LA CORTE SUPREMA DI CASSAZIONE

SEZIONE SESTA CIVILE

SOTTOSEZIONE 3

Composta dagli Ill.mi Sigg.ri Magistrati:

Dott. AMENDOLA Adelaide – Presidente –

Dott. ARMANO Uliana – Consigliere –

Dott. BARRECA Giuseppina Luciana – Consigliere –

Dott. CIRILLO Francesco Maria – Consigliere –

Dott. ROSSETTI Marco – rel. Consigliere –

ha pronunciato la seguente:

ORDINANZA

sul ricorso 485-2015 proposto da:

CARIGE ASSICURAZIONI S.P.A., (ora Amissima Assicurazioni S.p.A.) CF.
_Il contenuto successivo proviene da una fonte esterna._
(* In the calculus $\lambda^{MD}$, if $\Gamma\vdash M_1:\tau@A$, then there is no infinite sequence $(M_i)_{i\ge1}$ of terms such that $M_i\longrightarrow M_{i+1}$ for all $i\ge1$, where $\longrightarrow$ is full reduction.
   Context: The calculus $\lambda^{MD}$. Fix countably infinite, pairwise disjoint sets of type-level constants ($X$), variables ($x,y,z$), constants ($c$) and stage variables ($\alpha,\beta,\gamma$). A stage ($A,B,C$) is a finite sequence of stage variables, $\varepsilon$ is the empty stage, and juxtaposition ($A\alpha$, $AB$) denotes concatenation. Kinds, types, terms, signatures and type environments are: $K ::= * \mid \Pi x{:}\tau.K$; $\tau,\sigma ::= X \mid \Pi x{:}\tau.\sigma \mid \tau\,M \mid \triangleright_\alpha\tau \mid \forall\alpha.\tau$; $M,N ::= c \mid x \mid \lambda x{:}\tau.M \mid M\,N \mid \blacktriangleright_\alpha M \mid \blacktriangleleft_\alpha M \mid \Lambda\alpha.M \mid M\,A \mid \%_\alpha M$; $\Sigma ::= \emptyset \mid \Sigma, X{::}K \mid \Sigma, c{:}\tau$; $\Gamma ::= \emptyset \mid \Gamma, x{:}\tau@A$. ($\blacktriangleright_\alpha M$ is quotation, $\blacktriangleleft_\alpha M$ escape, $M\,A$ applies a term to a stage, $\%_\alpha M$ is cross-stage persistence, $\triangleright_\alpha\tau$ is a code type.) $\lambda,\Pi$ bind $x$; $\Lambda,\forall$ bind $\alpha$; syntax is identified up to renaming of bound (stage) variables; $\mathrm{FTV}(\cdot)$ is the set of free stage variables. $M[x\mapsto N]$ (and its extension to types, kinds and type environments) is capture-avoiding substitution. Stage substitution $[\alpha\mapsto A]$ replaces free occurrences of $\alpha$ in stages by the sequence $A$, acting homomorphically on terms, types, kinds and environments, with $(\blacktriangleright_\beta M)[\alpha\mapsto A]=\blacktriangleright_{\beta[\alpha\mapsto A]}(M[\alpha\mapsto A])$ and likewise for $\blacktriangleleft,\%,\triangleright$, where $\blacktriangleright_{\alpha_1\cdots\alpha_n}M=\blacktriangleright_{\alpha_1}\cdots\blacktriangleright_{\alpha_n}M$, $\triangleright_{\alpha_1\cdots\alpha_n}\tau=\triangleright_{\alpha_1}\cdots\triangleright_{\alpha_n}\tau$, $\blacktriangleleft_{\alpha_1\cdots\alpha_n}M=\blacktriangleleft_{\alpha_n}\cdots\blacktriangleleft_{\alpha_1}M$, $\%_{\alpha_1\cdots\alpha_n}M=\%_{\alpha_n}\cdots\%_{\alpha_1}M$ (just $M$, resp. $\tau$, when $n=0$). Full reduction $\longrightarrow$ is the least relation on terms that is closed under all term-forming constructs (reduction may occur anywhere, including under $\lambda$, $\Lambda$, $\blacktriangleright_\alpha$, $\blacktriangleleft_\alpha$, $\%_\alpha$) and contains $(\lambda x{:}\tau.M)\,N\longrightarrow M[x\mapsto N]$, $\blacktriangleleft_\alpha\blacktriangleright_\alpha M\longrightarrow M$, and $(\Lambda\alpha.M)\,A\longrightarrow M[\alpha\mapsto A]$. Type system. Relative to a fixed signature $\Sigma$, the judgments $\vdash\Sigma$, $\vdash\Gamma$, $\Gamma\vdash K\ \mathrm{kind}@A$, $\Gamma\vdash\tau::K@A$, $\Gamma\vdash M:\tau@A$, $\Gamma\vdash K\equiv J@A$, $\Gamma\vdash\tau\equiv\sigma::K@A$, $\Gamma\vdash M\equiv N:\tau@A$ are defined simultaneously by the following rules; signatures and environments are assumed well formed throughout. Well-formedness: $\vdash\emptyset$; from $\vdash\Sigma$, $\emptyset\vdash K\ \mathrm{kind}@\varepsilon$, $X\notin dom(\Sigma)$ infer $\vdash\Sigma,X{::}K$; from $\vdash\Sigma$, $\emptyset\vdash\tau::*@\varepsilon$, $c\notin dom(\Sigma)$ infer $\vdash\Sigma,c{:}\tau$; $\vdash\emptyset$; from $\vdash\Gamma$, $\Gamma\vdash\tau::*@A$, $x$ not declared in $\Gamma$ infer $\vdash\Gamma,x{:}\tau@A$. Kinds: $\Gamma\vdash *\ \mathrm{kind}@A$; if $\Gamma\vdash\tau::*@A$ and $\Gamma,x{:}\tau@A\vdash K\ \mathrm{kind}@A$ then $\Gamma\vdash\Pi x{:}\tau.K\ \mathrm{kind}@A$. Kinding: if $X{::}K\in\Sigma$ then $\Gamma\vdash X::K@A$; if $\Gamma\vdash\tau::*@A$ and $\Gamma,x{:}\tau@A\vdash\sigma::*@A$ then $\Gamma\vdash\Pi x{:}\tau.\sigma::*@A$; if $\Gamma\vdash\sigma::\Pi x{:}\tau.K@A$ and $\Gamma\vdash M:\tau@A$ then $\Gamma\vdash\sigma\,M::K[x\mapsto M]@A$; if $\Gamma\vdash\tau::K@A$ and $\Gamma\vdash K\equiv J@A$ then $\Gamma\vdash\tau::J@A$; if $\Gamma\vdash\tau::*@A\alpha$ then $\Gamma\vdash\triangleright_\alpha\tau::*@A$; if $\Gamma\vdash\tau::K@A$ and $\alpha\notin\mathrm{FTV}(\Gamma)\cup\mathrm{FTV}(A)$ then $\Gamma\vdash\forall\alpha.\tau::K@A$; if $\Gamma\vdash\tau::*@A$ then $\Gamma\vdash\tau::*@A\alpha$. Typing: if $c{:}\tau\in\Sigma$ then $\Gamma\vdash c:\tau@A$ (any $A$); if $x{:}\tau@A\in\Gamma$ then $\Gamma\vdash x:\tau@A$; if $\Gamma\vdash\sigma::*@A$ and $\Gamma,x{:}\sigma@A\vdash M:\tau@A$ then $\Gamma\vdash\lambda x{:}\sigma.M:\Pi x{:}\sigma.\tau@A$; if $\Gamma\vdash M:\Pi x{:}\sigma.\tau@A$ and $\Gamma\vdash N:\sigma@A$ then $\Gamma\vdash M\,N:\tau[x\mapsto N]@A$; if $\Gamma\vdash M:\tau@A$ and $\Gamma\vdash\tau\equiv\sigma::K@A$ then $\Gamma\vdash M:\sigma@A$; if $\Gamma\vdash M:\tau@A\alpha$ then $\Gamma\vdash\blacktriangleright_\alpha M:\triangleright_\alpha\tau@A$; if $\Gamma\vdash M:\triangleright_\alpha\tau@A$ then $\Gamma\vdash\blacktriangleleft_\alpha M:\tau@A\alpha$; if $\Gamma\vdash M:\tau@A$ and $\alpha\notin\mathrm{FTV}(\Gamma)\cup\mathrm{FTV}(A)$ then $\Gamma\vdash\Lambda\alpha.M:\forall\alpha.\tau@A$; if $\Gamma\vdash M:\forall\alpha.\tau@A$ then $\Gamma\vdash M\,B:\tau[\alpha\mapsto B]@A$; if $\Gamma\vdash M:\tau@A$ then $\Gamma\vdash\%_\alpha M:\tau@A\alpha$. Equivalences: each equivalence judgment is reflexive (on well-formed kinds, kinded types, typed terms), symmetric and transitive. Kinds: $\Gamma\vdash\tau\equiv\sigma::*@A$ and $\Gamma,x{:}\tau@A\vdash K\equiv J@A$ give $\Gamma\vdash\Pi x{:}\tau.K\equiv\Pi x{:}\sigma.J@A$; $\Gamma\vdash K\equiv J@A$ gives $\Gamma\vdash K\equiv J@A\alpha$. Types: $\Gamma\vdash\tau\equiv\sigma::*@A$ and $\Gamma,x{:}\tau@A\vdash\rho\equiv\pi::*@A$ give $\Gamma\vdash\Pi x{:}\tau.\rho\equiv\Pi x{:}\sigma.\pi::*@A$; $\Gamma\vdash\tau\equiv\sigma::\Pi x{:}\rho.K@A$ and $\Gamma\vdash M\equiv N:\rho@A$ give $\Gamma\vdash\tau\,M\equiv\sigma\,N::K[x\mapsto M]@A$; $\Gamma\vdash\tau\equiv\sigma::*@A\alpha$ gives $\Gamma\vdash\triangleright_\alpha\tau\equiv\triangleright_\alpha\sigma::*@A$; $\Gamma\vdash\tau\equiv\sigma::*@A$ with $\alpha\notin\mathrm{FTV}(\Gamma)\cup\mathrm{FTV}(A)$ gives $\Gamma\vdash\forall\alpha.\tau\equiv\forall\alpha.\sigma::*@A$; $\Gamma\vdash\tau\equiv\sigma::*@A$ gives $\Gamma\vdash\tau\equiv\sigma::*@A\alpha$. Terms: congruence rules mirroring the typing rules for $\lambda$ ($\Gamma\vdash\tau\equiv\sigma::*@A$ and $\Gamma,x{:}\tau@A\vdash M\equiv N:\rho@A$ give $\Gamma\vdash\lambda x{:}\tau.M\equiv\lambda x{:}\sigma.N:\Pi x{:}\tau.\rho@A$), application, $\blacktriangleright_\alpha$, $\blacktriangleleft_\alpha$, $\Lambda\alpha$ (same side condition), stage application ($\Gamma\vdash M\equiv N:\forall\alpha.\tau@A$ gives $\Gamma\vdash M\,B\equiv N\,B:\tau[\alpha\mapsto B]@A$) and $\%_\alpha$; and the axioms: if $\Gamma,x{:}\sigma@A\vdash M:\tau@A$ and $\Gamma\vdash N:\sigma@A$ then $\Gamma\vdash(\lambda x{:}\sigma.M)\,N\equiv M[x\mapsto N]:\tau[x\mapsto N]@A$; if $\Gamma\vdash M\equiv N:\tau@A$ then $\Gamma\vdash\blacktriangleleft_\alpha\blacktriangleright_\alpha M\equiv N:\tau@A$; if $\Gamma\vdash\Lambda\alpha.M:\forall\alpha.\tau@A$ then $\Gamma\vdash(\Lambda\alpha.M)\,\varepsilon\equiv M[\alpha\mapsto\varepsilon]:\tau[\alpha\mapsto\varepsilon]@A$; if $\Gamma\vdash M:\tau@A\alpha$ and $\Gamma\vdash M:\tau@A$ then $\Gamma\vdash\%_\alpha M\equiv M:\tau@A\alpha$. *)

theory Defs
  imports Main
begin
(OMISSIS), in persona del suo procuratore speciale, elettivamente

domiciliata in ROMA, VIA CAIO MARIO 27, presso lo studio

dell’avvocato FRANCESCO ALESSANDRO MAGNI, che la rappresenta e

difende in virtù di mandato a margine del ricorso;

– ricorrente –

contro

M.A., AURORA ASSICURAZIONI S.P.A., A.G.,

ABRUZZESE TRASPORTI SAA S.R.L.;

– intimati –

avverso la sentenza n. 2122/2014 della CORTE D’APPELLO di NAPOLI,

emessa il 19/04/2014 e depositata il 14/05/2014;

udita la relazione della causa svolta nella camera di consiglio del

03/11/2016 dal Consigliere Relatore Dott. MARCO ROSSETTI;

udito l’Avvocato Chiara Srubek Tomassy (delega Avvocato Francesco

Alessandro Magni), per la ricorrente, che si riporta agli atti

scritti.

Fatto

SVOLGIMENTO DEL PROCESSO

1. Il consigliere relatore ha depositato, ai sensi dell’art. 380 bis c.p.c., la seguente relazione:

“1. Il (OMISSIS) si verificò un sinistro stradale che coinvolse due autocarri:

-) il primo condotto in leasing dalla società Abruzzese Trasporti condotto da R.G. ed assicurato dalla società Carige s.p.a.;

-)il secondo di proprietà di M.A., condotto da A.G. ed assicurato dalla Aurora s.p.a. (che in seguito muterà ragione sociale in UGf Assicurazioni;

2. Nel 2000 A.G. convenne dinanzi al Tribunale di Nola, tra gli altri, M.A. e la società Carige, chiedendone la condanna al risarcimento dei danni patiti in conseguenza del suddetto sinistro.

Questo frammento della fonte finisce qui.